# existing crawlspaces and attics



## Wiresmith (Feb 9, 2013)

what tricks do you residential guys use in old attics and crawlspaces, the only residential work i do is for family and friends. in crawlspaces i use a mortar mixing sled to haul tools and materials and obviously battery lights, knee pads and yoga mat. attics i usually bring plywood walk planks and 5 gal buckets for tools and material and battery lights. anybody have any better things and ways to work in these areas.


----------



## HackWork (Oct 2, 2009)

I load everything up into a Husky tray, use whatever battery light I am using at the time, and go get in and out as quick as possible. 

I have a piece of plywood in the truck for spanning attic joists, but I try to do my work as fast as possible so that I don't need it, since that in itself is heavy and another thing that takes time to carry up and in.

That's all a lie though, I use cheap labor to do it for me now :thumbup:


----------



## nrp3 (Jan 24, 2009)

Attic work is much better in the winter. A good respirator helps too.


----------



## 99cents (Aug 20, 2012)

Yeah, I put everything in a bag and do a hit and run. The more I take up there the more I have to take out.

Maj is different. He takes a tent, a sleeping bag, a barbecue, some organic wieners and a box of donuts.


----------



## electricguy (Mar 22, 2007)

99cents said:


> Yeah, I put everything in a bag and do a hit and run. The more I take up there the more I have to take out.
> 
> Maj is different. He takes a tent, a sleeping bag, a barbecue, some organic wieners and a box of donuts.


And fire up the noisy cordless impact once in awhile sounds like you are working


----------



## nrp3 (Jan 24, 2009)

Organic wieners, whats the point? Ok, I'll settle for some veggie corn dogs.


----------



## telsa (May 22, 2015)

I'm no longer in the attic and crawl space 'game.'

If I were, I'd purchase a toy drone to fly pull-lines across the cavity -- so that I could pull most times from outside the space. My intent being to lay the cable directly down, as continuously supported, only strapping near its exit and entry.

As it stands, I'd send up a trooper with a Zip-It extendable pole. ( Labor Saving Devices )

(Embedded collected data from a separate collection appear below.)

lemma growth_rates_near_Gamma567:
  assumes e: "0 \<le> e" "e < 1/100" and z: "z \<in> simplex7" and small: "lyapunov567 z < 1/1000000"
  shows "\<forall>i\<in>{0, 1, 2, 3}. growth_rate (Umat e) z i \<le> - 1/40"
    and "growth_rate (Umat e) z 4 + growth_rate (Umat e) z 5 + growth_rate (Umat e) z 6 \<le> - 1/40"
proof -
  define y where "y = z $ 0 + z $ 1 + z $ 2 + z $ 3"
  define s where "s = z $ 4 + z $ 5 + z $ 6"
  define W where "W = z \<bullet> (Umat e *v z)"
  have nonneg: "\<And>i. 0 \<le> z $ i" and "y + s = 1"
    using z unfolding simplex7_iff y_def s_def by auto
  have "0 \<le> z $ 4 * z $ 5 * z $ 6" "0 \<le> y"
    using nonneg unfolding y_def by simp_all
  then have "y < 1/1000000" "s \<le> 1"
    using small \<open>y + s = 1\<close> unfolding lyapunov567_def y_def by linarith+
  have W: "- 1/4 - 1/100 - 20 * y \<le> W"
    using mean_payoff_near_Gamma567[OF e(1) z small] unfolding W_def y_def .
  have small_terms: "e * z $ 0 \<le> z $ 0" "e * z $ 1 \<le> z $ 1" "e * z $ 2 \<le> z $ 2" "e * s \<le> e"
    using e nonneg \<open>s \<le> 1\<close> by (simp_all add: mult_left_le_one_le mult_left_le)
  have rates: "growth_rate (Umat e) z 0 = - z $ 1 + e * z $ 2 - 10 * z $ 3 + e * s - s / 3 - W"
    "growth_rate (Umat e) z 1 = e * z $ 0 - z $ 2 - 10 * z $ 3 + e * s - s / 3 - W"
    "growth_rate (Umat e) z 2 = - z $ 0 + e * z $ 1 - 10 * z $ 3 + e * s - s / 3 - W"
    "growth_rate (Umat e) z 3 = - 2 * z $ 0 - 2 * z $ 1 + 2 * z $ 2 - s / 3 - W"
    "growth_rate (Umat e) z 4 + growth_rate (Umat e) z 5 + growth_rate (Umat e) z 6
       = 30 * z $ 3 - (z $ 0 + z $ 1 + z $ 2) + e * s - s - 3 * W"
    unfolding growth_rate_def Umat_mult_vector s_def W_def by (simp_all add: algebra_simps)
  note bounds = small_terms W e \<open>y + s = 1\<close> \<open>y < 1/1000000\<close> y_def
    nonneg[of 0] nonneg[of 1] nonneg[of 2] nonneg[of 3]
  have "growth_rate (Umat e) z 0 \<le> - 1/40" "growth_rate (Umat e) z 1 \<le> - 1/40"
    "growth_rate (Umat e) z 2 \<le> - 1/40" "growth_rate (Umat e) z 3 \<le> - 1/40"
    using rates bounds by linarith+
  then show "\<forall>i\<in>{0, 1, 2, 3}. growth_rate (Umat e) z i \<le> - 1/40"
    by simp
  show "growth_rate (Umat e) z 4 + growth_rate (Umat e) z 5 + growth_rate (Umat e) z 6 \<le> - 1/40"
    using rates bounds by linarith
qed

lemma lyapunov567_derivative_le:
  assumes "0 \<le> e" "e < 1/100" "z \<in> simplex7" "lyapunov567 z < 1/1000000"
  shows "lyapunov567_derivative (Umat e) z \<le> - (1/40) * lyapunov567 z"
proof -
  note rates = growth_rates_near_Gamma567[OF assms]
  have nonneg: "0 \<le> z $ i" for i
    using assms(3) by (simp add: simplex7_iff)
  have "growth_rate (Umat e) z i * z $ i \<le> - (1/40) * z $ i" if "i \<in> {0, 1, 2, 3}" for i
    using rates(1) that nonneg[of i] by (intro mult_right_mono) auto
  then have "growth_rate (Umat e) z 0 * z $ 0 \<le> - (1/40) * z $ 0"
    "growth_rate (Umat e) z 1 * z $ 1 \<le> - (1/40) * z $ 1"
    "growth_rate (Umat e) z 2 * z $ 2 \<le> - (1/40) * z $ 2"
    "growth_rate (Umat e) z 3 * z $ 3 \<le> - (1/40) * z $ 3"
    by simp_all
  moreover have "(growth_rate (Umat e) z 4 + growth_rate (Umat e) z 5 + growth_rate (Umat e) z 6)
      * (z $ 4 * z $ 5 * z $ 6) \<le> - (1/40) * (z $ 4 * z $ 5 * z $ 6)"
    using rates(2) nonneg by (intro mult_right_mono) auto
  ultimately show ?thesis
    unfolding lyapunov567_derivative_def lyapunov567_def distrib_left by linarith
qed

lemma lyapunov567_exponential_decay:
  assumes "0 \<le> e" "e < 1/100" and sol: "is_solution (replicator (Umat e)) x"
    and "x 0 \<in> simplex7" "lyapunov567 (x 0) < 1/1000000" "0 \<le> t"
  shows "lyapunov567 (x t) \<le> lyapunov567 (x 0) * exp (- (1/40) * t)"
proof (rule exponential_decay_while_below[OF lyapunov567_has_derivative[OF sol]])
  show "lyapunov567_derivative (Umat e) (x s) \<le> - (1/40) * lyapunov567 (x s)"
    if "0 \<le> s" "lyapunov567 (x s) < 1/1000000" for s
    using that assms replicator_solution_simplex7[OF sol] by (intro lyapunov567_derivative_le) auto
qed (use assms in auto)

theorem proposition8:
  shows "\<exists>e0>0. \<forall>e. 0 < e \<and> e < e0 \<longrightarrow>
           asymptotically_stable (replicator (Umat e)) simplex7 Gamma567"
proof (intro exI[of _ "1/100"] conjI allI impI)
  fix e :: real
  assume e: "0 < e \<and> e < 1/100"
  interpret exponential_lyapunov_function "replicator (Umat e)" simplex7 lyapunov567 "1/40" "1/1000000"
  proof
    show "compact simplex7"
      by (rule compact_simplex7)
    show "continuous_on UNIV lyapunov567"
      by (rule continuous_on_lyapunov567)
    show "0 \<le> lyapunov567 z" if "z \<in> simplex7" for z
      using that by (rule lyapunov567_nonneg)
    show "x t \<in> simplex7"
      if "is_solution (replicator (Umat e)) x" "x 0 \<in> simplex7" "0 \<le> t" for x t
      using that by (rule replicator_solution_simplex7)
    show "lyapunov567 (x t) \<le> lyapunov567 (x 0) * exp (- (1/40) * t)"
      if "is_solution (replicator (Umat e)) x" "x 0 \<in> simplex7" "lyapunov567 (x 0) < 1/1000000"
        "0 \<le> t" for x t
      using e that by (intro lyapunov567_exponential_decay) auto
  qed simp_all
  show "asymptotically_stable (replicator (Umat e)) simplex7 Gamma567"
    unfolding Gamma567_eq_lyapunov567_zero by (rule asymptotically_stable_zero_set)
qed simp

end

Similar item: Wirespanner plus.

Plan B: 1/2" PVC dry fitted up to the length required. The elements held together with Tek screws at the couplings. ( 5' elements )

You can make the PVC chain walk to the left or right by attaching a 'cam' at the far end. ( cam = plumber's quarter turn + a short stub of scrap pvc. ) The 'cam' is easy to tie on to, as well.


----------



## lightman (Oct 14, 2015)

Maybe a robot like the SWAT guys use?


----------



## AK_sparky (Aug 13, 2013)

Hire an apprentice!


----------



## matt1124 (Aug 23, 2011)

Yep. Apprentice with a 2-way radio.


----------



## EJPHI (May 7, 2008)

Lots of good stuff to take on the attic or crawl space tour.

Filter mask if a respirator is too bulky. I like the kind with a metal band near the top that I can bend to keep my glasses from fogging up.

Bring duct tape for those HVAC ducts your're gonna mess up.

A couple of plastic bags for dead critters.

A small camera so you can brag about where you work.

A head light so you can see without having to move a flash light around.


----------



## splatz (May 23, 2015)

I like I like my lighted glasses even better than my headlamp in a crawl space 










they get knocked off less. I am also a fan of these lightweight hardhats I get at one of my customers, they call them bump caps 










The safety nazis make people wear these in locations there's really no reason to wear anything but they don't want life to be too easy. But they are just enough protection for bumping your head on a rafter / joist. A full size hardhat falls off or gets knocked off constantly. It also and sets off your head too far, so you're knocking your hardhat in spots you'd have had enough room if you weren't wearing it. 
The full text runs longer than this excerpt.